La tavola rotonda del pomeriggio è stata varia e ha offerto molti spunti di riflessione: l’Eco-congregation Ireland ha presentato il suo sistema di premi e ha illustrato i diversi modi in cui le parrocchie si sono impegnate in questo lavoro, mentre il Professor Roy Douglas ha parlato della Chiesa Morava in Irlanda, dell’esperienza di una confessione minore, e ha portato il suo background scientifico alla discussione. Róisín Nic Cóil ha parlato della verifica energetica effettuata dall’Arcidiocesi di Dublino sul proprio patrimonio edilizio (chiese, sale parrocchiali, ecc.), mentre Maureen Rowan della Chiesa Metodista di Dublino 6 ha parlato dell’impegno concreto profuso per essere eco-compatibili in una parrocchia, in qualità di volontaria, e di alcune statistiche sull’energia e dei finanziamenti disponibili a cui hanno attinto per apportare cambiamenti significativi nell’uso e nell’efficienza energetica.

Finbarr Keaveney con Edwin Graham, NI Interfaith Forum e Niamh, Society of Friends representative on Eco-Congregation Ireland (credits: Finbarr Keaveney)

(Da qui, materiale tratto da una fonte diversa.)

(* For each $n\ge1$ and $\epsilon\ge0$, the set $D^\epsilon_n=\{\vec w\in\mathcal{W}^n:N^\epsilon_n(\vec w)\ne\emptyset\}$ is closed. Moreover, there exists a universally measurable map $\hat x:D^\epsilon_n\to\mathcal{X}^n$ such that $\hat x(\vec w)\in N^\epsilon_n(\vec w)$ for each $\vec w\in D^\epsilon_n$.
   Context: Standing assumptions: $\mathcal{X}$ compact metric space, $\mathcal{W}$ complete separable metric space; $\mathcal{P}(S)$ = Borel probability measures on $S$ with the weak topology. $\mathcal{C}$ maps $w$ to a nonempty closed $\mathcal{C}(w)\subset\mathcal{X}$, continuous in the sense that $\mathrm{Gr}(\mathcal{C})=\{(w,x):x\in\mathcal{C}(w)\}$ is closed and whenever $w_n\to w$, $x\in\mathcal{C}(w)$ there exist $n_k$, $x_{n_k}\in\mathcal{C}(w_{n_k})$ with $x_{n_k}\to x$. $F:\mathcal{P}(\mathcal{W}\times\mathcal{X})\times\mathcal{W}\times\mathcal{X}\to\mathbb{R}$ bounded continuous. $N^\epsilon_n(w_1,\dots,w_n)$ is the set of $\epsilon$-Nash equilibria with type vector $(w_1,\dots,w_n)$, i.e. of $\vec x=(x_1,\dots,x_n)\in\mathcal{X}^n$ with $x_i\in\mathcal{C}(w_i)$ and, writing $m=\frac1n\sum_k\delta_{(w_k,x_k)}$, $F(m,w_i,x_i)-\inf_{y\in\mathcal{C}(w_i)}F(m+\frac1n(\delta_{(w_i,y)}-\delta_{(w_i,x_i)}),w_i,y)\le\epsilon$ for all $i$. *)

theory Defs
  imports "HOL-Probability.Probability"
begin

definition prob_measures :: "('a::topological_space) measure set" where
  "prob_measures = {M. prob_space M \<and> sets M = sets borel}"

definition weak_topology :: "('a::topological_space) measure topology" where
  "weak_topology = topology_generated_by
     {{M \<in> prob_measures. (\<integral>z. f z \<partial>M) \<in> U} | (f :: 'a \<Rightarrow> real) U.
        continuous_on UNIV f \<and> bounded (range f) \<and> open U}"

definition empirical :: "('w::topological_space) ^ 'n \<Rightarrow> ('x::topological_space) ^ 'n \<Rightarrow> ('w \<times> 'x) measure" where
  "empirical w x = measure_of UNIV (sets borel)
     (\<lambda>A. ennreal (real (card {k. (w $ k, x $ k) \<in> A}) / real CARD('n)))"

definition vupd :: "'x ^ 'n \<Rightarrow> 'n \<Rightarrow> 'x \<Rightarrow> 'x ^ 'n" where
  "vupd x i y = (\<chi> j. if j = i then y else x $ j)"

text \<open>The set of epsilon-Nash equilibria N^eps_n(w).  The deviation measure
  m + (1/n)(delta_(w_i,y) - delta_(w_i,x_i)) is the empirical measure of the profile
  with x_i replaced by y.\<close>
definition nash :: "real \<Rightarrow> ('w \<Rightarrow> 'x set) \<Rightarrow> (('w \<times> 'x) measure \<Rightarrow> 'w \<Rightarrow> 'x \<Rightarrow> real)
    \<Rightarrow> ('w::topological_space) ^ 'n \<Rightarrow> (('x::topological_space) ^ 'n) set" where
  "nash eps C F w = {x. (\<forall>i. x $ i \<in> C (w $ i)) \<and>
     (\<forall>i. F (empirical w x) (w $ i) (x $ i)
          - (INF y\<in>C (w $ i). F (empirical w (vupd x i y)) (w $ i) y) \<le> eps)}"

definition nash_domain :: "real \<Rightarrow> ('w \<Rightarrow> ('x::topological_space) set) \<Rightarrow> (('w \<times> 'x) measure \<Rightarrow> 'w \<Rightarrow> 'x \<Rightarrow> real)
    \<Rightarrow> (('w::topological_space) ^ 'n) set" where
  "nash_domain eps C F = {w. nash eps C F w \<noteq> {}}"

definition univ_measurable_sets :: "('a::topological_space) set \<Rightarrow> 'a set set" where
  "univ_measurable_sets D = {A. A \<subseteq> D \<and>
     (\<forall>M. prob_space M \<and> sets M = sets (restrict_space borel D) \<longrightarrow> A \<in> sets (completion M))}"

definition univ_measurable_on :: "('a::topological_space) set \<Rightarrow> ('a \<Rightarrow> 'b::topological_space) \<Rightarrow> bool" where
  "univ_measurable_on D h \<longleftrightarrow> (\<forall>B \<in> sets borel. {v \<in> D. h v \<in> B} \<in> univ_measurable_sets D)"

end

(* The set of equilibria depends upper-semicontinuously on the type vector: a limit of
   epsilon-equilibria is an epsilon-equilibrium, because by lower hemicontinuity of C every
   deviation available in the limit is approximated, along a subsequence, by deviations
   available before, and F is continuous in the empirical measure.  As action profiles range
   over the compact space X^n, the sets of type vectors whose equilibria meet a closed set K
   are closed; K = X^n gives closedness of the domain.  A Borel selection then comes from the
   Kuratowski-Ryll-Nardzewski construction: refine the set of equilibria along finer and finer
   finite nets of X^n, always keeping the first ball that meets the current set; the nested
   sets shrink to a point that depends measurably on the types, and Borel maps are
   universally measurable. *)

theory Submission
  imports Defs
begin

I momenti liturgici hanno incluso la “Preghiera per le 7 direzioni” tratta dalla risorsa “Ascoltare la Natura” di Trocaire, una preghiera (con una ciotola d’acqua del Lough Neagh), guidata dall’Arcivescovo Eamon Martin e dal Vescovo Sarah Groves (Presidente della ICC), e una band di tre musicisti che ha arricchito la preghiera. La liturgia finale ha visto il passaggio dal lamento alla speranza, utilizzando un simbolico “fiume di speranza” e le promesse di azione fatte dai partecipanti alla conferenza. Nella ciotola è stata versata acqua proveniente da tutta l’Irlanda, compresi i fiumi di Cork, Dublino e i monti Sperrin nell’Irlanda del Nord, insieme all’acqua glaciale della Groenlandia, benedetta da Papa Leone XIV durante la conferenza Aumentare la Speranza tenutasi a Roma nell’ottobre 2025, e sono state lette le promesse di azione. L’atmosfera vibrante alla fine ha mostrato quanto i partecipanti fossero ispirati e avessero apprezzato la giornata.
Guardando al futuro, i partecipanti sono stati incoraggiati a sostenere l’iniziativa volta ad affrontare le radici della crisi, tra cui la spinta verso una transizione giusta e l’impegno nel Trattato di Non Proliferazione dei Combustibili Fossili. E a prepararsi per il Tempo del Creato 2026, che si concentrerà sul tema “Acqua viva”. Per le comunità di fede in tutta Irlanda, ciò offre un’opportunità concreta di approfondire l’educazione e l’azione sull’acqua come fonte di vita, comunione e giustizia. Questo potrebbe anche essere un percorso che si potrebbe costruire gradualmente nel tempo, incorporando e valorizzando l’acqua nella liturgia nei prossimi mesi.
L’Arcivescovo Eamon Martin ha ricordato il detto irlandese: “Ní neart go cur le chéile” (non c’è forza senza unità). La conferenza di Newry è servita come un potente promemoria del fatto che quando camminiamo insieme, ascoltando, imparando e agendo, anche i piccoli passi possono diventare una corrente viva di speranza.